_ACTIVITY_
Write out, without any change, the lines in the material below that run from the line with "list \<Rightarrow> 'v" through the line with "distinct cs \<and>", both included.

_EXERCISE INPUTS_

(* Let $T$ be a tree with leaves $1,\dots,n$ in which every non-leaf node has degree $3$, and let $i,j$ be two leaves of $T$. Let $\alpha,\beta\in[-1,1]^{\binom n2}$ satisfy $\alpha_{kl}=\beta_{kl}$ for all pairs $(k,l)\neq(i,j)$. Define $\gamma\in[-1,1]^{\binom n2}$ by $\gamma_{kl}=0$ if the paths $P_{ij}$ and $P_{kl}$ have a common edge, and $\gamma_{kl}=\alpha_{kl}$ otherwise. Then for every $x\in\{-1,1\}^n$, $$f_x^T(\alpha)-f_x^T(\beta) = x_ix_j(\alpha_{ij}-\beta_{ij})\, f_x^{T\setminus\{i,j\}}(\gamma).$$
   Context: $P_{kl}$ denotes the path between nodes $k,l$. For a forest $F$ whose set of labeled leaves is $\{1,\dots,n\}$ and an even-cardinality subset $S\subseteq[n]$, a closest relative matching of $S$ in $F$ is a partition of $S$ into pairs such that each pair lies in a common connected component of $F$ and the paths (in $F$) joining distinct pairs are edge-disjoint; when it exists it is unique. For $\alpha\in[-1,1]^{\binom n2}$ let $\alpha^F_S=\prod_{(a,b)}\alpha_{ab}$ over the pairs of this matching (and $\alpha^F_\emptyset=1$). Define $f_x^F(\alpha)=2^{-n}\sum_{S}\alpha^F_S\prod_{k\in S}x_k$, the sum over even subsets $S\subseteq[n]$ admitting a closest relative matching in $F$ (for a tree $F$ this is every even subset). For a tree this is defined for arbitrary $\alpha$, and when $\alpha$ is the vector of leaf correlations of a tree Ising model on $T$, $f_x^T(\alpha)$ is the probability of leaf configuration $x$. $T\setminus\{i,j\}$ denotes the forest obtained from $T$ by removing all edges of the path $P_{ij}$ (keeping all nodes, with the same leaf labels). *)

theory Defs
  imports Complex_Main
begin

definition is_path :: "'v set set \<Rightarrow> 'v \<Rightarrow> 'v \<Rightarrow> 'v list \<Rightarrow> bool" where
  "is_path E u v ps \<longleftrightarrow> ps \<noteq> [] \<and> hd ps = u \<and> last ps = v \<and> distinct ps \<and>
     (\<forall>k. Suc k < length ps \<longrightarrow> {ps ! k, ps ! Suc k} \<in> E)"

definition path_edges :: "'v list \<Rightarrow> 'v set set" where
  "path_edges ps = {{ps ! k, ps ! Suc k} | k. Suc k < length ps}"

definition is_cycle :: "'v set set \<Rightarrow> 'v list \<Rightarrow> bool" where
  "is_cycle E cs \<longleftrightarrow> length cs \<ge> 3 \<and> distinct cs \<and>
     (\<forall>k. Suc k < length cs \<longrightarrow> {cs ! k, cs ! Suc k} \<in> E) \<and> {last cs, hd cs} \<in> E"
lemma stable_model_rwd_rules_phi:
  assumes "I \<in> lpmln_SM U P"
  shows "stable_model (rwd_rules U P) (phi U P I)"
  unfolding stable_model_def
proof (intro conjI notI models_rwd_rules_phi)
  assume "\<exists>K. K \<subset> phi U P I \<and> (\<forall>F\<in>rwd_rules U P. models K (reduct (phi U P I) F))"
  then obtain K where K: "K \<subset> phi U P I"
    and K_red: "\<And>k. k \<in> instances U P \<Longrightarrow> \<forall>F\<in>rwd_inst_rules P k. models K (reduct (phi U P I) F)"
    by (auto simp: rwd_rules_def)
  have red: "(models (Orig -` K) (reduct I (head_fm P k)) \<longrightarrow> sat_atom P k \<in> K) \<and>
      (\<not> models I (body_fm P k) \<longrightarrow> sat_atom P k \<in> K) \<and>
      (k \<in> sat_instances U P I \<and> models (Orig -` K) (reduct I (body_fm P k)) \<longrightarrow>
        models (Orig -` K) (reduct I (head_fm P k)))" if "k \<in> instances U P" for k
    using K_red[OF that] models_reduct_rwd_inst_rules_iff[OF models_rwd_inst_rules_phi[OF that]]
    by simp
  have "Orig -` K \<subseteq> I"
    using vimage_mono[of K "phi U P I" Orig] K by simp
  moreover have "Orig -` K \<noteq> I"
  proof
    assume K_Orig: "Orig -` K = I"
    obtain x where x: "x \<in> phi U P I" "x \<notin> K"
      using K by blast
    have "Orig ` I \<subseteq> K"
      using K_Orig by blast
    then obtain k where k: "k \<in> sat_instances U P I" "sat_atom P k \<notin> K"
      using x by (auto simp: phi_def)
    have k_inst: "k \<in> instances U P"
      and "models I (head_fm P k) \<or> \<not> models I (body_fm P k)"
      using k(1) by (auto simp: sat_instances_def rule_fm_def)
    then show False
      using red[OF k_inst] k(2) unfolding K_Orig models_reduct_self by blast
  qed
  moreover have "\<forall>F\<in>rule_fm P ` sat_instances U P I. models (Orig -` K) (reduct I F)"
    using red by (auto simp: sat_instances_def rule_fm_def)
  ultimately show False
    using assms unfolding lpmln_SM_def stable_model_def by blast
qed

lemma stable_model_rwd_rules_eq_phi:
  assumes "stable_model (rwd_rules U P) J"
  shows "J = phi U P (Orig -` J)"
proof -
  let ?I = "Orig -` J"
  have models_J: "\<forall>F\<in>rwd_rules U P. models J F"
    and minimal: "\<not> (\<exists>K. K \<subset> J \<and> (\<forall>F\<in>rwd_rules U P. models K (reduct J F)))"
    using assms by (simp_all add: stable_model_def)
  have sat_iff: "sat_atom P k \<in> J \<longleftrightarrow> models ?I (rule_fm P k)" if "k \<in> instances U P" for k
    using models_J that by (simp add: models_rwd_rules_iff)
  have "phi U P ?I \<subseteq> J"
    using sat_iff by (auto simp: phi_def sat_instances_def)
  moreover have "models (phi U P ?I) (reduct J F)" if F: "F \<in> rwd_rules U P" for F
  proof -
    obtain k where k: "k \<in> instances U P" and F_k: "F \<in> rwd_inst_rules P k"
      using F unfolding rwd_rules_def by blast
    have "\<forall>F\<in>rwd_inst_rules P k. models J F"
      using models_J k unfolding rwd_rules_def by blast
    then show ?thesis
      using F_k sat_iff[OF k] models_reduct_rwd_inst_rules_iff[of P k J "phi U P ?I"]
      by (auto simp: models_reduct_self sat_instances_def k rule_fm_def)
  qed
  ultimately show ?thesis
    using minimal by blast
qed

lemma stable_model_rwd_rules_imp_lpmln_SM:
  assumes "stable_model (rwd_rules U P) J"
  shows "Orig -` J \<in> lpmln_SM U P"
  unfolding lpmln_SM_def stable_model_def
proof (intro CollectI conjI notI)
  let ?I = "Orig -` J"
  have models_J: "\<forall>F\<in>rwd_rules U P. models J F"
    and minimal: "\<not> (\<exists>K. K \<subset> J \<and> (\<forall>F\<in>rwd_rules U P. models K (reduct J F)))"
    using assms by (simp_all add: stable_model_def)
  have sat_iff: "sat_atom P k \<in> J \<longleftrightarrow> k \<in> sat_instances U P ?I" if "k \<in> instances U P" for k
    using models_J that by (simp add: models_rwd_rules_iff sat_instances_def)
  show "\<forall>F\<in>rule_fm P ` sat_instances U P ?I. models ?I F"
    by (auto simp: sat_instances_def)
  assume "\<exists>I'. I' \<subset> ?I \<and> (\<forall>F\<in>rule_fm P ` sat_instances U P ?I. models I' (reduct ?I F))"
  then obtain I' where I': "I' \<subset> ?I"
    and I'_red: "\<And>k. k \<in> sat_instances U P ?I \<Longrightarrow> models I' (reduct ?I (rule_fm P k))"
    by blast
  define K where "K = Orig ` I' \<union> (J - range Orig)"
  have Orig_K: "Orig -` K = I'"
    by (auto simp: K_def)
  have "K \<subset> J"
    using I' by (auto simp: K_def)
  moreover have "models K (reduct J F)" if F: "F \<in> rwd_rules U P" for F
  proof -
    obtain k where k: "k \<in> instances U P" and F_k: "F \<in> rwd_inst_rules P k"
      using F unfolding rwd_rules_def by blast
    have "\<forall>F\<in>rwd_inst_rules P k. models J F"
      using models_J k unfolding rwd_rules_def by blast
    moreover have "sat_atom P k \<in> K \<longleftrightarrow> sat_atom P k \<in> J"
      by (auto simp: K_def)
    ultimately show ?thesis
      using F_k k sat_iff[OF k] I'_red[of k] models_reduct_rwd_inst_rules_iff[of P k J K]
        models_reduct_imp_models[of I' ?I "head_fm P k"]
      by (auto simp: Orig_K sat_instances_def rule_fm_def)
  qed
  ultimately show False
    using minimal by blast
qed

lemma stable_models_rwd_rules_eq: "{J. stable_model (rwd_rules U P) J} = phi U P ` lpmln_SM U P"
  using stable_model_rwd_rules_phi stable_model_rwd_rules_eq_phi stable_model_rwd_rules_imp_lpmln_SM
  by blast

_OUTPUT FOR THIS EXERCISE_
definition path_edges :: "'v list \<Rightarrow> 'v set set" where
  "path_edges ps = {{ps ! k, ps ! Suc k} | k. Suc k < length ps}"

definition is_cycle :: "'v set set \<Rightarrow> 'v list \<Rightarrow> bool" where
  "is_cycle E cs \<longleftrightarrow> length cs \<ge> 3 \<and> distinct cs \<and>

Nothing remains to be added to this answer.